We could've written this query another way by UNIONing 2 different queries: 1 that does GROUP BY company and 1 that does GROUP BY company, department. This would be equivalent:

SELECT
  company,
  NULL AS department,
  avg(salary) AS average_salary
FROM employees
GROUP BY company
UNION
SELECT
  company,
  department,
  avg(salary) AS average_salary
FROM employees
GROUP BY company, department
ORDER BY company, department;

`company` `VARCHAR`	`department` `VARCHAR`	`average_salary` `NUMERIC`
Footbook	Integration	157200.000000000000
Footbook	Research	145000.000000000000
Footbook	Solutions	163666.666666666667
Footbook	NULL	154750.000000000000
Poogle	Functionality	187333.333333333333
Poogle	Infrastructure	167000.000000000000
Poogle	Marketing	215000.000000000000
Poogle	NULL	186461.538461538462
Wamazon	Marketing	145500.000000000000
Wamazon	Quality	146750.000000000000
Wamazon	Solutions	145666.666666666667
Wamazon	NULL	145923.076923076923

Empty Grouping Set

We can add another level to this: the average salary for all users overall. Usually when aggregating for a table overall, we just omit the GROUP BY clause altogether. However, remember that in Implicit Aggregation, an empty list can be given to specify that the whole table is 1 group.

SELECT
  company,
  department,
  avg(salary) AS average_salary
FROM employees
GROUP BY GROUPING SETS (
  (),
  (company),
  (company, department)
)
ORDER BY company NULLS FIRST, department NULLS FIRST;

`company` `VARCHAR`	`department` `VARCHAR`	`average_salary` `NUMERIC`
NULL	NULL	162578.947368421053
Footbook	NULL	154750.000000000000
Footbook	Integration	157200.000000000000
Footbook	Research	145000.000000000000
Footbook	Solutions	163666.666666666667
Poogle	NULL	186461.538461538462
Poogle	Functionality	187333.333333333333
Poogle	Infrastructure	167000.000000000000
Poogle	Marketing	215000.000000000000
Wamazon	NULL	145923.076923076923
Wamazon	Marketing	145500.000000000000
Wamazon	Quality	146750.000000000000
Wamazon	Solutions	145666.666666666667

The row where both company and department are NULL is the row that contains the average salary for that group, all employees for all companies.
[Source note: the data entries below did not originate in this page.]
lemma card_energy_le:
  fixes p k :: nat
  assumes "prime p" "2 \<le> k" "k < p"
  shows "card {((x1, x2), (x3, x4)) \<in> ({..<p} \<times> {..<p}) \<times> ({..<p} \<times> {..<p}).
      [x1 + x2 = x3 + x4] (mod p) \<and> [x1 ^ k + x2 ^ k = x3 ^ k + x4 ^ k] (mod p)} \<le> k * p\<^sup>2"
    (is "card ?N \<le> _")
proof -
  define R where "R x1 x3 = {x2\<in>{..<p}. int p dvd
    (int x2)^k - (int x2 + (int x1 - int x3))^k + ((int x1)^k - (int x3)^k)}" for x1 x3
  define \<phi> :: "(nat \<times> nat) \<times> (nat \<times> nat) \<Rightarrow> nat \<times> nat \<times> nat"
    where "\<phi> = (\<lambda>((x1, x2), (x3, x4)). (x1, x3, x2))"
  have inj: "inj_on \<phi> ?N"
  proof (rule inj_onI)
    fix u v assume u: "u \<in> ?N" and v: "v \<in> ?N" and eq: "\<phi> u = \<phi> v"
    obtain x1 x2 x3 x4 where u_def: "u = ((x1, x2), (x3, x4))" by (metis prod.collapse)
    obtain y1 y2 y3 y4 where v_def: "v = ((y1, y2), (y3, y4))" by (metis prod.collapse)
    from eq have same: "y1 = x1" "y2 = x2" "y3 = x3" by (simp_all add: \<phi>_def u_def v_def)
    with u v have "[x1 + x2 = x3 + x4] (mod p)" "[x1 + x2 = x3 + y4] (mod p)" "x4 < p" "y4 < p"
      by (auto simp: u_def v_def)
    then have "[x3 + x4 = x3 + y4] (mod p)" by (metis cong_sym cong_trans)
    then have "x4 = y4"
      using \<open>x4 < p\<close> \<open>y4 < p\<close> by (simp add: cong_add_lcancel_nat cong_less_modulus_unique_nat)
    then show "u = v" by (simp add: u_def v_def same)
  qed
  have sub: "\<phi> ` ?N \<subseteq> Sigma {..<p} (\<lambda>x1. Sigma {..<p} (R x1))"
  proof
    fix w assume "w \<in> \<phi> ` ?N"
    then obtain x1 x2 x3 x4 where N: "((x1, x2), (x3, x4)) \<in> ?N" and w: "w = (x1, x3, x2)"
      by (auto simp: \<phi>_def)
    have "[int x1 + int x2 = int x3 + int x4] (mod int p)"
      using N cong_int_iff[of "x1 + x2" "x3 + x4" p] by simp
    then have "[int x1 + int x2 - int x3 = int x3 + int x4 - int x3] (mod int p)"
      by (intro cong_diff cong_refl)
    then have pow: "[(int x2 + (int x1 - int x3))^k = (int x4)^k] (mod int p)"
      by (intro cong_pow) (simp add: algebra_simps)
    have energy: "[(int x1)^k + (int x2)^k = (int x3)^k + (int x4)^k] (mod int p)"
      using N cong_int_iff[of "x1^k + x2^k" "x3^k + x4^k" p] by simp
    have "[(int x1)^k + (int x2)^k - ((int x3)^k + (int x2 + (int x1 - int x3))^k)
        = (int x3)^k + (int x4)^k - ((int x3)^k + (int x4)^k)] (mod int p)"
      by (rule cong_diff[OF energy cong_add[OF cong_refl pow]])
    then have "int p dvd (int x2)^k - (int x2 + (int x1 - int x3))^k + ((int x1)^k - (int x3)^k)"
      by (simp add: cong_0_iff algebra_simps)
    then show "w \<in> Sigma {..<p} (\<lambda>x1. Sigma {..<p} (R x1))"
      using N by (simp add: w R_def)
  qed
  have card_R: "card (R x1 x3) \<le> p * of_bool (x1 = x3) + (k - 1)" if "x1 < p" "x3 < p" for x1 x3
  proof (cases "x1 = x3")
    case True
    have "card (R x1 x3) \<le> card {..<p}" by (rule card_mono) (auto simp: R_def)
    then show ?thesis using True by simp
  next
    case False
    then have "\<not> int p dvd int x1 - int x3" using eq_if_dvd_diff_less that by blast
    then show ?thesis
      unfolding R_def using card_roots_power_diff_le[OF assms] by simp
  qed
  have "card ?N = card (\<phi> ` ?N)" using inj by (simp add: card_image)
  also have "\<dots> \<le> card (Sigma {..<p} (\<lambda>x1. Sigma {..<p} (R x1)))"
    by (rule card_mono[OF _ sub]) (auto simp: R_def intro!: finite_SigmaI)
  also have "\<dots> = (\<Sum>x1<p. \<Sum>x3<p. card (R x1 x3))" by (simp add: R_def card_SigmaI)
  also have "\<dots> \<le> (\<Sum>x1<p. \<Sum>x3<p. p * of_bool (x1 = x3) + (k - 1))"
    using card_R by (intro sum_mono) auto
  also have "\<dots> = (\<Sum>x1<p. p + p * (k - 1))"
    by (simp add: sum.distrib sum_distrib_left[symmetric] of_bool_def sum.If_cases)
  also have "\<dots> = k * p\<^sup>2"
    using assms(2) by (simp add: power2_eq_square algebra_simps)
  finally show ?thesis .
qed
By the way, NULL normally get's sorted last. Here, we switched it so that NULL gets sorted first by adding NULLS FIRST in the ORDER BY clause.

ROLLUP, CUBE

There are specific GROUPING SETS patterns which are common, like the one in the last query. This query would be equivalent:

SELECT
  company,
  department,
  avg(salary) AS average_salary
FROM employees
GROUP BY ROLLUP(company, department)
ORDER BY company NULLS FIRST, department NULLS FIRST;

`company` `VARCHAR`	`department` `VARCHAR`	`average_salary` `NUMERIC`
NULL	NULL	162578.947368421053
Footbook	NULL	154750.000000000000
Footbook	Integration	157200.000000000000
Footbook	Research	145000.000000000000
Footbook	Solutions	163666.666666666667
Poogle	NULL	186461.538461538462
Poogle	Functionality	187333.333333333333
Poogle	Infrastructure	167000.000000000000
Poogle	Marketing	215000.000000000000
Wamazon	NULL	145923.076923076923
Wamazon	Marketing	145500.000000000000
Wamazon	Quality	146750.000000000000
Wamazon	Solutions	145666.666666666667

The GROUP BY ROLLUP(company, department) is equivalent to the following:

GROUP BY GROUPING SETS (
  (),
  (company),
  (company, department)
)

There is another shortcut CUBE. The clause GROUP BY CUBE(company, department) is equivalent to:

GROUP BY GROUPING SETS (
  (),
  (company),
  (department),
  (company, department)
)

CUBE takes all the possible subsets of the set of columns, also known as a Power Set.